Элизабет Эбботт - История целибата
Эти женщины и их современницы стали яркими звездами на небосклоне средневековых небес. Они достигали успеха, власти и влияния, немыслимых для большинства женщин, обреченных на брак и материнство, за счет сверхчеловеческих усилий и тщательно разработанной стратегии достижения цели. В большинстве случаев использовавшимися ими общими средствами были предельный аскетизм и соблюдение целибата, значение которого неизмеримо возвеличивалось мистическими браками с Христом. С XIII по XVII в. тридцать процентов итальянских праведниц соблюдали режим питания, близкий к голоданию. Их истощенные, бесполые тела обеспечивали им земное целомудрие, а если у них еще теплились эротические чувства, то им они придавали возвышенный характер в фантастических видениях союза – как физического, так и духовного – с Христом, их супругом. Их столь ревностно соблюдавшийся целибат был основным предварительным условием, обеспечивавшим этим женщинам строжайший аскетизм, лежавший в основе их невероятно успешных жизненных путей.

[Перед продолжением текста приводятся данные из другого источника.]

lemma pe_economy_hard: "pe_economy {1, 2, 3} (org_verts t) (patients t) (hard_edges t)"
  unfolding pe_economy_def
proof (intro conjI)
  show "\<forall>i\<in>{1, 2, 3}. \<forall>j\<in>{1, 2, 3}. i \<noteq> j \<longrightarrow> org_verts t i \<inter> org_verts t j = {}"
    unfolding org_verts_def by auto
  show "\<forall>i\<in>{1, 2, 3}. patients t i \<subseteq> org_verts t i"
    unfolding patients_def org_verts_def by auto
  show "hard_edges t \<subseteq> {{x, y} | x y. x \<noteq> y \<and> x \<in> all_verts {1, 2, 3} (org_verts t)
                                        \<and> y \<in> all_verts {1, 2, 3} (org_verts t)}"
    unfolding hard_edges_def triangle_edges_def donor_edges_def all_verts_hard by fastforce
qed (simp_all add: org_verts_def)

lemma supplemented_edge_cases:
  assumes "e \<in> hard_edges t \<union> E0"
    and E0: "E0 \<subseteq> {{x, y} | x y. x \<in> V0 \<and> y \<in> all_verts {1, 2, 3} (org_verts t)}"
    and V0: "V0 \<inter> all_verts {1, 2, 3} (org_verts t) = {}"
  shows "card e = 2 \<and> ((\<exists>c\<in>{..<t}. e \<subseteq> {vert 1 c, vert 2 c, vert 3 c}) \<or> e \<inter> (donors t \<union> V0) \<noteq> {})"
proof -
  consider "e \<in> triangle_edges t" | "e \<in> donor_edges t" | "e \<in> E0"
    using assms(1) unfolding hard_edges_def by blast
  then show ?thesis
  proof cases
    case 1
    then show ?thesis unfolding triangle_edges_def by auto
  next
    case 2
    then show ?thesis unfolding donor_edges_def donors_def by fastforce
  next
    case 3
    then obtain x y where "e = {x, y}" "x \<in> V0" "y \<in> all_verts {1, 2, 3} (org_verts t)"
      using E0 by blast
    moreover have "x \<noteq> y" using calculation V0 by blast
    ultimately show ?thesis by auto
  qed
qed

lemma sum_utilities_hard_le:
  assumes M: "matching (hard_edges t \<union> E0) M"
    and E0: "E0 \<subseteq> {{x, y} | x y. x \<in> V0 \<and> y \<in> all_verts {1, 2, 3} (org_verts t)}"
    and V0: "V0 \<inter> all_verts {1, 2, 3} (org_verts t) = {}" "finite V0"
  shows "(\<Sum>i\<in>{1, 2, 3}. utility (patients t) i M) \<le> 5 * t + card V0"
proof -
  let ?S = "\<Union>i\<in>{1, 2, 3}. patients t i"
  have "card (donors t) \<le> card ({1, 2, 3::nat} \<times> {3 * t..<4 * t})"
    unfolding donors_def by (rule card_image_le) simp
  then have card_N: "card (donors t \<union> V0) \<le> 3 * t + card V0"
    using card_Un_le[of "donors t" V0] by (simp add: card_cartesian_product)
  have "?S \<subseteq> all_verts {1, 2, 3} (org_verts t)"
    unfolding all_verts_hard patients_def by auto
  then have "(donors t \<union> V0) \<inter> ?S = {}"
    using V0(1) unfolding donors_def patients_def by auto
  moreover have "card e = 2 \<and> ((\<exists>c\<in>{..<t}. e \<subseteq> {vert 1 c, vert 2 c, vert 3 c}) \<or> e \<inter> (donors t \<union> V0) \<noteq> {})"
    if "e \<in> M" for e
    using that M supplemented_edge_cases[OF _ E0 V0(1)] unfolding matching_def by blast
  ultimately have "card (?S \<inter> \<Union>M) \<le> 2 * card {..<t} + card (donors t \<union> V0)"
    using M V0(2) unfolding matching_def
    by (intro card_covered_by_matching_le[where K = "\<lambda>c. {vert 1 c, vert 2 c, vert 3 c}"])
      (auto simp: donors_def card_insert_if)
  moreover have "(\<Sum>i\<in>{1, 2, 3}. utility (patients t) i M) = card (?S \<inter> \<Union>M)"
    by (rule sum_utility_eq) (auto simp: patients_def)
  ultimately show ?thesis using card_N by simp
qed

lemma all_verts_pair: "all_verts {i, j} (org_verts t) = vert i ` {..<4 * t} \<union> vert j ` {..<4 * t}"
  unfolding all_verts_def org_verts_def by auto

lemma triangle_matching:
  assumes "i \<in> {1, 2, 3}" "j \<in> {1, 2, 3}" "i \<noteq> j"
  shows "matching {e \<in> hard_edges t. e \<subseteq> all_verts {i, j} (org_verts t)}
           ((\<lambda>c. {vert i c, vert j c}) ` {..<t})"
  using assms unfolding matching_def hard_edges_def triangle_edges_def all_verts_pair by fastforce

lemma donor_matching:
  assumes "i \<in> {1, 2, 3}" "j \<in> {1, 2, 3}" "i \<noteq> j" "\<alpha> \<le> 2 * t"
  shows "\<exists>B. matching {e \<in> hard_edges t. e \<subseteq> all_verts {i, j} (org_verts t)} B \<and>
    vert i ` {t..<t + \<alpha>} \<union> vert j ` {t..<3 * t - \<alpha>} \<subseteq> \<Union>B \<and>
    \<Union>B \<subseteq> vert i ` {t..<4 * t} \<union> vert j ` {t..<4 * t}"
proof -
  define D where "D = vert i ` {3 * t..<4 * t} \<union> vert j ` {3 * t..<4 * t}"
  define P where "P = vert i ` {t..<t + \<alpha>} \<union> vert j ` {t..<3 * t - \<alpha>}"
  have ij: "i < 4" "j < 4" using assms by auto
  have "card D = 2 * t"
    unfolding D_def using ij \<open>i \<noteq> j\<close> by (subst card_Un_disjoint) (auto simp: card_vert_image)
  moreover have "card P \<le> \<alpha> + (3 * t - \<alpha> - t)"
    unfolding P_def using card_Un_le by (metis card_atLeastLessThan card_vert_image add_diff_cancel_left')
  ultimately have "card P \<le> card D" using \<open>\<alpha> \<le> 2 * t\<close> by linarith
  moreover have "D \<inter> P = {}" unfolding D_def P_def using ij \<open>i \<noteq> j\<close> \<open>\<alpha> \<le> 2 * t\<close> by auto
  ultimately obtain B where B: "matching {{d, p} | d p. d \<in> D \<and> p \<in> P} B" "P \<subseteq> \<Union>B" "\<Union>B \<subseteq> D \<union> P"
    using matching_complete_bipartite[of P D] by (auto simp: D_def P_def)
  have "{{d, p} | d p. d \<in> D \<and> p \<in> P} \<subseteq> {e \<in> hard_edges t. e \<subseteq> all_verts {i, j} (org_verts t)}"
    unfolding D_def P_def hard_edges_def donor_edges_def all_verts_pair using assms by fastforce
  then have "matching {e \<in> hard_edges t. e \<subseteq> all_verts {i, j} (org_verts t)} B"
    by (rule matching_mono[OF B(1)])
  moreover have "D \<union> P \<subseteq> vert i ` {t..<4 * t} \<union> vert j ` {t..<4 * t}"
    unfolding D_def P_def using \<open>\<alpha> \<le> 2 * t\<close> by auto
  then have "\<Union>B \<subseteq> vert i ` {t..<4 * t} \<union> vert j ` {t..<4 * t}"
    using B(3) by (rule subset_trans[rotated])
  ultimately show ?thesis
    using B(2) unfolding P_def by (intro exI[of _ B] conjI)
qed

lemma pair_utilities_achievable:
  assumes "i \<in> {1, 2, 3}" "j \<in> {1, 2, 3}" "i \<noteq> j" "\<alpha> \<le> 2 * t"
  shows "\<exists>M. matching {e \<in> hard_edges t. e \<subseteq> all_verts {i, j} (org_verts t)} M \<and>
    t + \<alpha> \<le> utility (patients t) i M \<and> 3 * t - \<alpha> \<le> utility (patients t) j M"
proof -
  define T where "T = (\<lambda>c. {vert i c, vert j c}) ` {..<t}"
  obtain B where B: "matching {e \<in> hard_edges t. e \<subseteq> all_verts {i, j} (org_verts t)} B"
    "vert i ` {t..<t + \<alpha>} \<union> vert j ` {t..<3 * t - \<alpha>} \<subseteq> \<Union>B"
    "\<Union>B \<subseteq> vert i ` {t..<4 * t} \<union> vert j ` {t..<4 * t}"
    using donor_matching[OF assms] by blast
  have ij: "i < 4" "j < 4" using assms by auto
  have "\<Union>T \<inter> \<Union>B = {}"
    using B(3) ij unfolding T_def by fastforce
  moreover have "matching {e \<in> hard_edges t. e \<subseteq> all_verts {i, j} (org_verts t)} T"
    unfolding T_def by (rule triangle_matching[OF assms(1-3)])
  ultimately have M: "matching {e \<in> hard_edges t. e \<subseteq> all_verts {i, j} (org_verts t)} (T \<union> B)"
    using B(1) matching_Un by blast
  have "vert i ` {..<t + \<alpha>} = vert i ` {..<t} \<union> vert i ` {t..<t + \<alpha>}"
    by (auto simp: image_Un[symmetric])
  also have "\<dots> \<subseteq> \<Union>(T \<union> B)"
    using B(2) unfolding T_def by auto
  finally have "card (vert i ` {..<t + \<alpha>}) \<le> utility (patients t) i (T \<union> B)"
    using \<open>\<alpha> \<le> 2 * t\<close> by (intro card_le_utility) (auto simp: patients_def)
  then have "t + \<alpha> \<le> utility (patients t) i (T \<union> B)"
    by (simp add: card_vert_image)
  have "vert j ` {..<3 * t - \<alpha>} = vert j ` {..<t} \<union> vert j ` {t..<3 * t - \<alpha>}"
    using \<open>\<alpha> \<le> 2 * t\<close> by (auto simp: image_Un[symmetric])
  also have "\<dots> \<subseteq> \<Union>(T \<union> B)"
    using B(2) unfolding T_def by auto
  finally have "card (vert j ` {..<3 * t - \<alpha>}) \<le> utility (patients t) j (T \<union> B)"
    by (intro card_le_utility) (auto simp: patients_def)
  then have "3 * t - \<alpha> \<le> utility (patients t) j (T \<union> B)"
    by (simp add: card_vert_image)
  with M \<open>t + \<alpha> \<le> utility (patients t) i (T \<union> B)\<close> show ?thesis by blast
qed

lemma low_utility_pair_exists:
  fixes u :: "nat \<Rightarrow> nat"
  assumes "(\<Sum>i\<in>{1, 2, 3}. u i) \<le> 5 * t + d" "18 * d + 54 \<le> 12 * t"
  shows "\<exists>i\<in>{1, 2, 3}. \<exists>j\<in>{1, 2, 3}. i \<noteq> j \<and> u i < 3 * t \<and> u j < 3 * t \<and> u i + u j + 2 \<le> 4 * t"
proof -
  have sum: "u 1 + u 2 + u 3 \<le> 5 * t + d" using assms(1) by simp
  consider "u 1 \<le> u 3" "u 2 \<le> u 3" | "u 1 \<le> u 2" "u 3 \<le> u 2" | "u 2 \<le> u 1" "u 3 \<le> u 1"
    by linarith
  then show ?thesis
  proof cases
    case 1
    then show ?thesis using sum assms(2) by (intro bexI[of _ 1] bexI[of _ 2]) auto
  next
    case 2
    then show ?thesis using sum assms(2) by (intro bexI[of _ 1] bexI[of _ 3]) auto
  next
    case 3
    then show ?thesis using sum assms(2) by (intro bexI[of _ 2] bexI[of _ 3]) auto
  qed
qed

lemma pair_blocks_hard:
  assumes "i \<in> {1, 2, 3}" "j \<in> {1, 2, 3}" "i \<noteq> j"
    and "utility (patients t) i M < 3 * t" "utility (patients t) j M < 3 * t"
    and "utility (patients t) i M + utility (patients t) j M + 2 \<le> 4 * t"
  shows "blocks {1, 2, 3} (org_verts t) (patients t) (hard_edges t) {i, j} M"
proof -
  define \<alpha> where "\<alpha> = utility (patients t) i M + 1 - t"
  have "\<alpha> \<le> 2 * t" using assms(4) unfolding \<alpha>_def by linarith
  then obtain M' where "matching {e \<in> hard_edges t. e \<subseteq> all_verts {i, j} (org_verts t)} M'"
    "t + \<alpha> \<le> utility (patients t) i M'" "3 * t - \<alpha> \<le> utility (patients t) j M'"
    using pair_utilities_achievable[OF assms(1-3)] by blast
  moreover have "utility (patients t) i M < t + \<alpha>" "utility (patients t) j M < 3 * t - \<alpha>"
    using assms(5,6) unfolding \<alpha>_def by linarith+
  ultimately show ?thesis
    unfolding blocks_def using assms(1,2) by (intro conjI exI[of _ M']) auto
qed

lemma supp_core_empty_hard:
  "\<not> supp_core_nonempty {1, 2, 3} (org_verts t) (patients t) (hard_edges t) (real (12 * t) / 18 - 3)"
proof
  assume "supp_core_nonempty {1, 2, 3} (org_verts t) (patients t) (hard_edges t) (real (12 * t) / 18 - 3)"
  then obtain V0 E0 M where V0: "finite V0" "real (card V0) \<le> real (12 * t) / 18 - 3"
      "V0 \<inter> all_verts {1, 2, 3} (org_verts t) = {}"
    and E0: "E0 \<subseteq> {{x, y} | x y. x \<in> V0 \<and> y \<in> all_verts {1, 2, 3} (org_verts t)}"
    and core: "in_supp_core {1, 2, 3} (org_verts t) (patients t) (hard_edges t) E0 M"
    unfolding supp_core_nonempty_def by blast
  have "matching (hard_edges t \<union> E0) M"
    using core unfolding in_supp_core_def by blast
  then have "(\<Sum>i\<in>{1, 2, 3}. utility (patients t) i M) \<le> 5 * t + card V0"
    using sum_utilities_hard_le E0 V0(1,3) by blast
  moreover have "18 * card V0 + 54 \<le> 12 * t"
    using V0(2) by linarith
  ultimately obtain i j where "i \<in> {1, 2, 3}" "j \<in> {1, 2, 3}" "i \<noteq> j"
    "utility (patients t) i M < 3 * t" "utility (patients t) j M < 3 * t"
    "utility (patients t) i M + utility (patients t) j M + 2 \<le> 4 * t"
    using low_utility_pair_exists by blast
  then have "blocks {1, 2, 3} (org_verts t) (patients t) (hard_edges t) {i, j} M"
    by (rule pair_blocks_hard)
  then show False
    using core unfolding in_supp_core_def by blast
qed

Хильдегарда Бингенская порицает пост
[318]
Исключением из правила соблюдения слишком сурового аскетизма стала Хильдегарда Бингенская, известная как Рейнская сивилла, которая в XII в. давала советы по самым разным вопросам. Эрудированная и набожная аристократка, блестящая, любознательная и сострадательная настоятельница женской монастырской общины бенедиктинцев, Хильдегарда наставляла сестер и очень много писала. Она вела обширную личную переписку и опубликовала объемные труды о посещавших ее видениях, медицине, естествознании и житиях некоторых святых. Кроме того, она была необычайно музыкальна, и созданные ею произведения литургической музыки стали крупнейшим и самым выразительным вкладом в средневековую музыку.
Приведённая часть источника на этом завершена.